My cover

My cover
Nell and her oranges

Saturday, August 30, 2008

Around the island and walking with dinosaurs

Last Monday, which was a bank holiday here, Laura and her new husband David picked me up and we drove over to Crystal Palace Park, south of the river. The enormous glass, iron and wood structure that was built for the great Crystal Palace Exhibition in London in 1851 was later moved here, where it remained until it burned down in 1936. (For some pictures and information about the structure and exhibit, see http://www.st-andrews.ac.uk/~city19c/viccity/crystal1.html and http://en.wikipedia.org/wiki/The_Crystal_Palace).

Life-sized (well, maybe not quite life-sized, but big!) plaster replicas of dinosaurs were commissioned and were part of the exhibit, and they are still around the grounds of the park, along with models of more modern animals - elk, tapirs, etc. The palace was on a hill, and standing atop it you get sweeping views of the countryside to the south (the city falls away and greenery takes over pretty quickly once you're outside Greater London) and to the north, where you can see the City, with St. Paul's and the modern office building nicknamed The Gherkin.
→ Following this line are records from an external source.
(* Let $\lambda$ be a partition with $n$ parts and let $\beta \in U_\lambda(n)$. If the terminal pair $(\lambda,\beta)$ is nonpermutable, then $\beta \in UGC_\lambda(n) \cap UBP_\lambda(n)$.
   Context: Fix an integer $n \geq 1$ and write $[k] = \{1,\dots,k\}$. A partition is $\lambda = (\lambda_1,\dots,\lambda_n)$ with $\lambda_1 \geq \dots \geq \lambda_n \geq 0$ integers. Let $R_\lambda \subseteq [n-1]$ be the set of $q \in [n-1]$ with $\lambda_q > \lambda_{q+1}$; write its elements $q_1 < \dots < q_r$, and set $q_0 := 0$, $q_{r+1} := n$. For $h \in [r+1]$ the $h$-th carrel is the index interval $\{q_{h-1}+1,\dots,q_h\}$. A $\lambda$-tuple is an $n$-tuple $\beta$ with entries in $[n]$, considered with this carrel structure; it is upper if $\beta_i \geq i$ for all $i$. $U_\lambda(n)$ is the set of upper $\lambda$-tuples. Critical indices: for $\beta \in U_\lambda(n)$ and $h \in [r+1]$, set $x_1 := q_h$; given $x_{u-1}$, if some index $x$ with $q_{h-1} < x < x_{u-1}$ satisfies $\beta_{x_{u-1}} - \beta_x > x_{u-1} - x$, let $x_u$ be the largest such $x$, otherwise stop. The $x_u$ are the critical indices of $\beta$ in carrel $h$; the pairs $(x_u,\beta_{x_u})$ form its critical list. For $i \in [n]$ let $x(i)$ be the smallest critical index in the carrel of $i$ with $x(i) \geq i$. The $\lambda$-platform is $\Xi_\lambda(\beta) := \xi$ with $\xi_i := \beta_{x(i)}$. The critical list is a flag critical list if for every $h \in [r]$, $\beta_{q_h} \leq \beta_k$ where $k$ is the smallest critical index of $\beta$ in carrel $h+1$. $UGC_\lambda(n)$ is the set of $\beta \in U_\lambda(n)$ with flag critical list; $UBP_\lambda(n)$ is the set of $\beta \in U_\lambda(n)$ with $\beta_i \leq \Xi_\lambda(\beta)_i$ for all $i$. Lattice paths: lattice points are integer pairs $(a,b)$ with $a \geq 0$, $b \geq 1$. A lattice path is a sequence of lattice points each consecutive step of which is $(a,b) \to (a+1,b)$ or $(a,b) \to (a,b+1)$. An $n$-path is $(\Lambda_1,\dots,\Lambda_n)$ with $\Lambda_m$ a lattice path starting at $(n-m,m)$. The terminals of $(\lambda,\beta)$ are $P_m := (\lambda_m + n - m, \beta_m)$, $m \in [n]$. For a permutation $\pi$ of $[n]$, $\mathcal{LD}_\lambda(\beta;\pi)$ is the set of $n$-paths with $\Lambda_m$ ending at $P_{\pi_m}$ for every $m$ and no two distinct components sharing a lattice point. The pair $(\lambda,\beta)$ is nonpermutable if $\mathcal{LD}_\lambda(\beta;\pi) = \emptyset$ for every permutation $\pi \neq (1,\dots,n)$. *)

theory Defs
  imports Main "HOL-Combinatorics.Permutations"
begin

text \<open>Conventions: n-tuples are functions on nat, only values at indices 1..n matter.\<close>

definition is_partition :: "nat \<Rightarrow> (nat \<Rightarrow> nat) \<Rightarrow> bool" where
  "is_partition n lam \<longleftrightarrow> (\<forall>i. 1 \<le> i \<and> i < n \<longrightarrow> lam (Suc i) \<le> lam i)"

definition Rset :: "nat \<Rightarrow> (nat \<Rightarrow> nat) \<Rightarrow> nat set" where
  "Rset n lam = {q. 1 \<le> q \<and> q < n \<and> lam (Suc q) < lam q}"

definition Upper :: "nat \<Rightarrow> (nat \<Rightarrow> nat) set" where
  "Upper n = {beta. \<forall>i\<in>{1..n}. i \<le> beta i \<and> beta i \<le> n}"

text \<open>Carrels are indexed by their top index t in R union {n}; their bottom
  boundary (exclusive) is the largest element of R union {0} below t
  (this is q_(h-1) when t = q_h).\<close>
definition carrel_low :: "nat \<Rightarrow> (nat \<Rightarrow> nat) \<Rightarrow> nat \<Rightarrow> nat" where
  "carrel_low n lam t = Max ({q \<in> Rset n lam \<union> {0}. q < t})"
text \<open>A class is finite and closed under meets, so an element with fewest inversions is its minimum.\<close>
lemma cong_class_has_least:
  assumes x: "x \<in> perms n"
  obtains m where "(x, m) \<in> \<Theta> n" "\<And>w. (x, w) \<in> \<Theta> n \<Longrightarrow> weak_le m w"
proof -
  obtain m where m: "(x, m) \<in> \<Theta> n"
    and fewest: "\<And>m'. (x, m') \<in> \<Theta> n \<Longrightarrow> card (inv_set m) \<le> card (inv_set m')"
    using ex_has_least_nat[of "\<lambda>m. (x, m) \<in> \<Theta> n" x "\<lambda>m. card (inv_set m)"] cong_refl[OF x] by blast
  have "weak_le m w" if w: "(x, w) \<in> \<Theta> n" for w
  proof -
    have mw: "(m, w) \<in> \<Theta> n"
      using cong_trans[OF cong_sym[OF m] w] .
    have mp: "m \<in> perms n" and wp: "w \<in> perms n"
      using cong_perms[OF mw] by auto
    have "(weak_meet n m m, weak_meet n m w) \<in> \<Theta> n"
      using cong_weak_meet[OF cong_refl[OF mp] mw] .
    then have "(x, weak_meet n m w) \<in> \<Theta> n"
      using cong_trans[OF m] weak_meet_idem[OF mp] by simp
    then have "card (inv_set m) \<le> card (inv_set (weak_meet n m w))"
      by (rule fewest)
    moreover have "inv_set (weak_meet n m w) \<subseteq> inv_set m"
      using weak_meet_le1[OF mp wp] unfolding weak_le_def .
    ultimately have "inv_set (weak_meet n m w) = inv_set m"
      using finite_inv_set by (metis card_seteq)
    then show ?thesis
      using weak_meet_le2[OF mp wp] unfolding weak_le_def by simp
  qed
  then show thesis
    using that m by blast
qed

lemma
  assumes x: "x \<in> perms n"
  shows cong_pi_down: "(x, pi_down \<Theta> x) \<in> \<Theta> n"
    and pi_down_least: "\<And>w. (x, w) \<in> \<Theta> n \<Longrightarrow> weak_le (pi_down \<Theta> x) w"
proof -
  define Q where "Q z \<longleftrightarrow> (x, z) \<in> \<Theta> n \<and> (\<forall>w. (x, w) \<in> \<Theta> n \<longrightarrow> weak_le z w)" for z
  obtain m where "Q m"
    using cong_class_has_least[OF x] unfolding Q_def by metis
  moreover have "z = m" if "Q z" for z
    using that \<open>Q m\<close> weak_le_antisym cong_perms unfolding Q_def by meson
  ultimately have "Q (pi_down \<Theta> x)"
    unfolding pi_down_def length_perms[OF x] Q_def[symmetric] by (rule theI)
  then show "(x, pi_down \<Theta> x) \<in> \<Theta> n" "\<And>w. (x, w) \<in> \<Theta> n \<Longrightarrow> weak_le (pi_down \<Theta> x) w"
    unfolding Q_def by blast+
qed

lemma pi_down_perms: "x \<in> perms n \<Longrightarrow> pi_down \<Theta> x \<in> perms n"
  using cong_pi_down cong_perms by blast

lemma pi_down_eq_if_cong:
  assumes xy: "(x, y) \<in> \<Theta> n"
  shows "pi_down \<Theta> x = pi_down \<Theta> y"
proof (rule weak_le_antisym)
  have x: "x \<in> perms n" and y: "y \<in> perms n"
    using cong_perms[OF xy] by auto
  show "pi_down \<Theta> x \<in> perms n" "pi_down \<Theta> y \<in> perms n"
    using pi_down_perms x y by auto
  show "weak_le (pi_down \<Theta> x) (pi_down \<Theta> y)"
    using pi_down_least[OF x] cong_trans[OF xy cong_pi_down[OF y]] by blast
  show "weak_le (pi_down \<Theta> y) (pi_down \<Theta> x)"
    using pi_down_least[OF y] cong_trans[OF cong_sym[OF xy] cong_pi_down[OF x]] by blast
qed

lemma pi_down_idem: "x \<in> perms n \<Longrightarrow> pi_down \<Theta> (pi_down \<Theta> x) = pi_down \<Theta> x"
  using pi_down_eq_if_cong[OF cong_pi_down] by metis

lemma mem_cong_class_iff:
  assumes u: "pi_down \<Theta> u = u"
  shows "y \<in> cong_class \<Theta> u \<longleftrightarrow> y \<in> perms (length y) \<and> pi_down \<Theta> y = u"
proof
  assume "y \<in> cong_class \<Theta> u"
  then have y: "y \<in> perms (length u)" and uy: "(u, y) \<in> \<Theta> (length u)"
    unfolding cong_class_def by auto
  then show "y \<in> perms (length y) \<and> pi_down \<Theta> y = u"
    using pi_down_eq_if_cong[OF uy] u length_perms[OF y] by simp
next
  assume y: "y \<in> perms (length y) \<and> pi_down \<Theta> y = u"
  then have "(u, y) \<in> \<Theta> (length y)"
    using cong_sym[OF cong_pi_down] by blast
  moreover have "length u = length y"
    using y pi_down_perms length_perms by blast
  ultimately show "y \<in> cong_class \<Theta> u"
    unfolding cong_class_def using y by simp
qed

end

section \<open>Standardization and the insertion maps\<close>

definition rank :: "nat set \<Rightarrow> nat \<Rightarrow> nat" where
  "rank S a = card {b \<in> S. b \<le> a}"

lemma st_eq_map_rank: "st xs = map (rank (set xs)) xs"
  unfolding st_def rank_def by simp

lemma length_st [simp]: "length (st xs) = length xs"
  unfolding st_def by simp

lemma rank_strict_mono_on:
  assumes "finite S"
  shows "strict_mono_on S (rank S)"
proof (rule strict_mono_onI)
  fix a b assume "a \<in> S" "b \<in> S" "a < b"
  then have "{c \<in> S. c \<le> a} \<subseteq> {c \<in> S. c \<le> b}" "b \<in> {c \<in> S. c \<le> b} - {c \<in> S. c \<le> a}"
    by auto
  then have "{c \<in> S. c \<le> a} \<subset> {c \<in> S. c \<le> b}"
    by blast
  then show "rank S a < rank S b"
    unfolding rank_def using assms by (intro psubset_card_mono) auto
qed
(* For every $\varphi\in L^2(\mathbb{T})$ with $\hat\varphi(0)=0$ and all $s,t$, we have $\langle\varphi,X_{ts}(\varphi,\varphi)\rangle=0$ and $$2\langle\varphi,X^2_{ts}(\varphi,\varphi,\varphi)\rangle+\langle X_{ts}(\varphi,\varphi),X_{ts}(\varphi,\varphi)\rangle=0,$$ where $\langle\cdot,\cdot\rangle$ is the $L^2(\mathbb{T})$ scalar product.
   Context: For a distribution $f$ on $\mathbb{T}=[-\pi,\pi]$ write $f(\xi)=\sum_k\hat f(k)e^{ik\xi}$. $\dot X_\sigma$ is the bilinear operator $\dot X_\sigma(\varphi_1,\varphi_2)=\frac12U(-\sigma)\partial_\xi[(U(\sigma)\varphi_1)(U(\sigma)\varphi_2)]$ with $\widehat{U(t)\varphi}(k)=e^{ik^3t}\hat\varphi(k)$; equivalently $\widehat{\dot X_\sigma(\varphi_1,\varphi_2)}(k)=\frac{ik}{2}\sum_{k_1\ne0,k}e^{-3ikk_1k_2\sigma}\hat\varphi_1(k_1)\hat\varphi_2(k_2)$, $k_2=k-k_1$. $X_{ts}=\int_s^t\dot X_\sigma d\sigma$ (so $\widehat{X_{ts}(\varphi_1,\varphi_2)}(k)=\sum_{k_1\ne0,k}\frac{e^{-3ikk_1k_2s}-e^{-3ikk_1k_2t}}{6k_1k_2}\hat\varphi_1(k_1)\hat\varphi_2(k_2)$) and $X^2_{ts}(\varphi_1,\varphi_2,\varphi_3)=2\int_s^td\sigma\int_s^\sigma d\sigma_1\dot X_\sigma(\varphi_1,\dot X_{\sigma_1}(\varphi_2,\varphi_3))$, defined on trigonometric polynomials and extended by continuity (they are bounded on mean-zero $L^2$). *)

theory Defs
  imports "HOL-Analysis.Analysis"
begin

text \<open>Elements of L2(T) are represented by their Fourier coefficient sequences
  (Plancherel), f(xi) = sum_k f_k e^(i k xi).  Real-valued mean-zero L2 functions
  correspond to square-summable sequences with c(-k) = cnj (c k) and c 0 = 0.\<close>

definition l2_seq :: "(int \<Rightarrow> complex) \<Rightarrow> bool" where
  "l2_seq c \<longleftrightarrow> (\<lambda>k. (norm (c k))\<^sup>2) summable_on UNIV"

definition real_valued_seq :: "(int \<Rightarrow> complex) \<Rightarrow> bool" where
  "real_valued_seq c \<longleftrightarrow> (\<forall>k. c (-k) = cnj (c k))"

text \<open>L2(T) scalar product, via Parseval: integral over [-pi,pi] of f * conj g.\<close>
definition l2_inner :: "(int \<Rightarrow> complex) \<Rightarrow> (int \<Rightarrow> complex) \<Rightarrow> complex" where
  "l2_inner f g = 2 * complex_of_real pi * (\<Sum>\<^sub>\<infinity>k. f k * cnj (g k))"

definition Xdot :: "real \<Rightarrow> (int \<Rightarrow> complex) \<Rightarrow> (int \<Rightarrow> complex) \<Rightarrow> int \<Rightarrow> complex" where
  "Xdot \<sigma> a b k = (\<i> * of_int k / 2) *
     (\<Sum>\<^sub>\<infinity>k1\<in>{k1. k1 \<noteq> 0 \<and> k1 \<noteq> k}.
        exp (- 3 * \<i> * of_int (k * k1 * (k - k1)) * complex_of_real \<sigma>) * a k1 * b (k - k1))"

text \<open>Fourier coefficients of X_ts(phi1,phi2) (closed form of the integral of Xdot).\<close>
definition Xts :: "real \<Rightarrow> real \<Rightarrow> (int \<Rightarrow> complex) \<Rightarrow> (int \<Rightarrow> complex) \<Rightarrow> int \<Rightarrow> complex" where
  "Xts t s a b k =
     (\<Sum>\<^sub>\<infinity>k1\<in>{k1. k1 \<noteq> 0 \<and> k1 \<noteq> k}.
        (exp (- 3 * \<i> * of_int (k * k1 * (k - k1)) * complex_of_real s)
         - exp (- 3 * \<i> * of_int (k * k1 * (k - k1)) * complex_of_real t))
        / of_int (6 * k1 * (k - k1)) * a k1 * b (k - k1))"

text \<open>X^2_ts on trigonometric polynomials (finitely supported coefficient sequences):
  2 int_s^t dsigma int_s^sigma dsigma1 Xdot_sigma(phi1, Xdot_sigma1(phi2,phi3)),
  with oriented integrals.\<close>
definition X2_trig :: "real \<Rightarrow> real \<Rightarrow> (int \<Rightarrow> complex) \<Rightarrow> (int \<Rightarrow> complex) \<Rightarrow> (int \<Rightarrow> complex)
    \<Rightarrow> int \<Rightarrow> complex" where
  "X2_trig t s a b c k =
     2 * (LBINT \<sigma>=ereal s..ereal t. (LBINT \<sigma>1=ereal s..ereal \<sigma>. Xdot \<sigma> a (Xdot \<sigma>1 b c) k))"

definition trunc :: "nat \<Rightarrow> (int \<Rightarrow> complex) \<Rightarrow> int \<Rightarrow> complex" where
  "trunc N a k = (if \<bar>k\<bar> \<le> int N then a k else 0)"

text \<open>Extension by continuity of X^2_ts to L2: the L2-limit of its values on the
  Fourier truncations.\<close>
definition X2ts :: "real \<Rightarrow> real \<Rightarrow> (int \<Rightarrow> complex) \<Rightarrow> (int \<Rightarrow> complex) \<Rightarrow> (int \<Rightarrow> complex)
    \<Rightarrow> int \<Rightarrow> complex" where
  "X2ts t s a b c = (THE \<psi>. l2_seq \<psi> \<and>
     (\<lambda>N. \<Sum>\<^sub>\<infinity>k. (norm (X2_trig t s (trunc N a) (trunc N b) (trunc N c) k - \<psi> k))\<^sup>2)
       \<longlonglongrightarrow> 0)"

end

theory Submission
  imports Defs
begin
(* Let $F$ be a semi-flow on a connected metrizable space $X$. Then $\mathcal{NW}_F$ is forward-invariant under the induced action $F^t(x,y)=(F^t(x),F^t(y))$ on $X\times X$. Moreover, for every $x\in X$: (1) $\mathrm{Down}_{\mathcal{NW}_F}(x)$ is forward-invariant under $F$; (2) $\mathrm{Down}_{\mathcal{NW}_F}(x)\supset\mathcal{O}_F(x)\cup\Omega_F(x)$; (3) if $\Omega_F(x)\neq\emptyset$, then $\mathcal{O}_F(x)\cup\mathrm{Down}_{\mathcal{NW}_F}(\Omega_F(x))\supset\mathrm{Down}_{\mathcal{NW}_F}(x)$; (4) $\mathcal{O}_F(x)\cup\mathrm{Down}_{\mathcal{NW}_F}(y)\supset\mathrm{Down}_{\mathcal{NW}_F}(x)$ for all $y\in\mathcal{O}_F(x)$; (5) if $F^t$ is an open map for every $t\ge0$, then $\mathrm{Down}_{\mathcal{NW}_F}(x)=\mathcal{O}_F(x)\cup\mathrm{Down}_{\mathcal{NW}_F}(y)$ for all $y\in\mathcal{O}_F(x)$.
   Context: A semi-flow on $X$ is a continuous map $F:\mathbb{T}\times X\to X$, $(t,x)\mapsto F^t(x)$, where $\mathbb{T}=\{0,1,2,\dots\}$ or $[0,\infty)$, with $F^0=\mathrm{id}$ and $F^{t_1+t_2}=F^{t_2}\circ F^{t_1}$. Put $\mathcal{O}_F(x)=\{F^t(x):t\in\mathbb{T}\}$ and $\mathcal{O}_F=\{(x,y):y\in\mathcal{O}_F(x)\}$. $\Omega_F(x)$ is the set of $y$ with $F^{t_n}(x)\to y$ for some $t_n\to\infty$. The non-wandering relation $\mathcal{NW}_F$ is the closure of $\mathcal{O}_F$ in $X\times X$. For a relation $D$, $\mathrm{Down}_D(x)=\{y:(x,y)\in D\}$ and $\mathrm{Down}_D(M)=\bigcup_{x\in M}\mathrm{Down}_D(x)$. A set $A$ is forward-invariant under $F$ if $F^t(A)\subset A$ for all $t$. *)

theory Defs
  imports "HOL-Analysis.Analysis"
begin

text \<open>Time set: either the naturals (embedded in the reals) or [0,\<infinity>).
  A semi-flow is represented by F :: real => 'a => 'a; only its values on the time set T matter.\<close>

definition time_set :: "real set \<Rightarrow> bool" where
  "time_set T \<longleftrightarrow> T = range real \<or> T = {0..}"

definition semiflow :: "real set \<Rightarrow> (real \<Rightarrow> 'a::topological_space \<Rightarrow> 'a) \<Rightarrow> bool" where
  "semiflow T F \<longleftrightarrow> time_set T
     \<and> continuous_on (T \<times> UNIV) (\<lambda>(t, x). F t x)
     \<and> F 0 = id
     \<and> (\<forall>t1\<in>T. \<forall>t2\<in>T. F (t1 + t2) = F t2 \<circ> F t1)"

definition orbit :: "real set \<Rightarrow> (real \<Rightarrow> 'a \<Rightarrow> 'a) \<Rightarrow> 'a \<Rightarrow> 'a set" where
  "orbit T F x = {F t x | t. t \<in> T}"

definition orbit_rel :: "real set \<Rightarrow> (real \<Rightarrow> 'a \<Rightarrow> 'a) \<Rightarrow> ('a \<times> 'a) set" where
  "orbit_rel T F = {(x, y). y \<in> orbit T F x}"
Last night, my friends Tim, Alice, Alison and I met my friend Bucky outside the Canary Wharf station for a tour of the Island, dinner, and a visit to the local. Bucky runs the theatre program at the London branch of the American School in St. John's Wood, and spends more time around Americans than around Brits, and had been to the Isle of Dogs only a few times, and then only to Canary Wharf.

From the first years of the 19th century until the 1960's, the Isle of Dogs was home to London's major ports. When container shipping took hold, the docks gradually fell into disuse, leaving acres of derelict buildings and massive unemployment. In the early 1990s, an adventurous financier built Canada Tower, Britain's tallest building, hoping to create a new commerical center. At first it sat largely empty, but soon business took off. The publishing industry, long located at and sometimes simply referred to as "Fleet Street," moved to Canary Wharf, as did other businesses. Now there are many skyscrapers with housing Citibank, Barclay's, and other international corporations, with luxury flats and hotels. When I asked a cab driver to take me to the Isle of Dogs, he said, "Oh, the Isle of Money." But it's not all like that.

We walked to South Quay and then around the docks to near Millwall and the Mudchute DLR station, and then cut through Mudchute Farm and Millwall Park. Tim said that Mudchute is the largest farm inside a city. I think! There are allotments, or community garden plots, as well as sheep, cows, goats and other farm animals. The Mudchute is so named because when the second set of docks were being built in the mid-19th century, the excavated dirt was thrown up into a berm alongside the channel - and there it remains. It's a lovely oasis of green.

Donna met us at Memsaheb, my favorite Indian restaurant here, right on the river, and had a great meal, then walked along the river back to my old neighborhood. The Observatory in Greenwich projects a green laser beam along the meridien line, which shoots hot and bright in the dark above the river. We went for a drink at the Lord Nelson put, my old haunt. The Nelson's been there since about 1850, and for decades was a dockies' pub, catering to the dockworkers that were the Island's main population from about 1800 to 1900 or so.

The southwest quadrant of the Island, especially, still has a very neighborhoody feel, with many dockers' cottages that were built in the late 19th and early 20th centuries. The area along the river was heavily industrial from the second half of the 19th century, and was badly bombed during the World War II, with many civilian deaths. Now most of the river front has newer upscale flats. But in other places, there are still many people whose families have lived on the Island for years.

I really enjoyed living in this neighborhood when I was here for almost a year and a half two years ago caring for my mother. Since there are only two ways onto the Isle of Dogs by car (Blackwall Tunnel at the northeast and the Limehouse Link at the northwest), it's a lot more quiet and laid back than central London.

If you look at maps showing the Island up until the beginning of the 19th century, there isn't much there. A road around the perimeter, and one leading up the center of the horseshoe-shaped peninsula, with a ferry house at the foot of the island, near where the roads intersect, and a chapel house partway up the north-south middle road.

I lived where that north-south road, Eastferry Road, intersects the perimeter road, which is Westferry Road on the west and Manchester Road on the east. A couple hundred feet away, closer to the water, was the site of the ferry to Greenwich, which was there at least since the 14th century. Samuel Pepys got stuck there for a day, trying to get to a wedding south of the river. For all that time, there has always been a public house near the site, though the current Ferry House pub is only about 200 years old.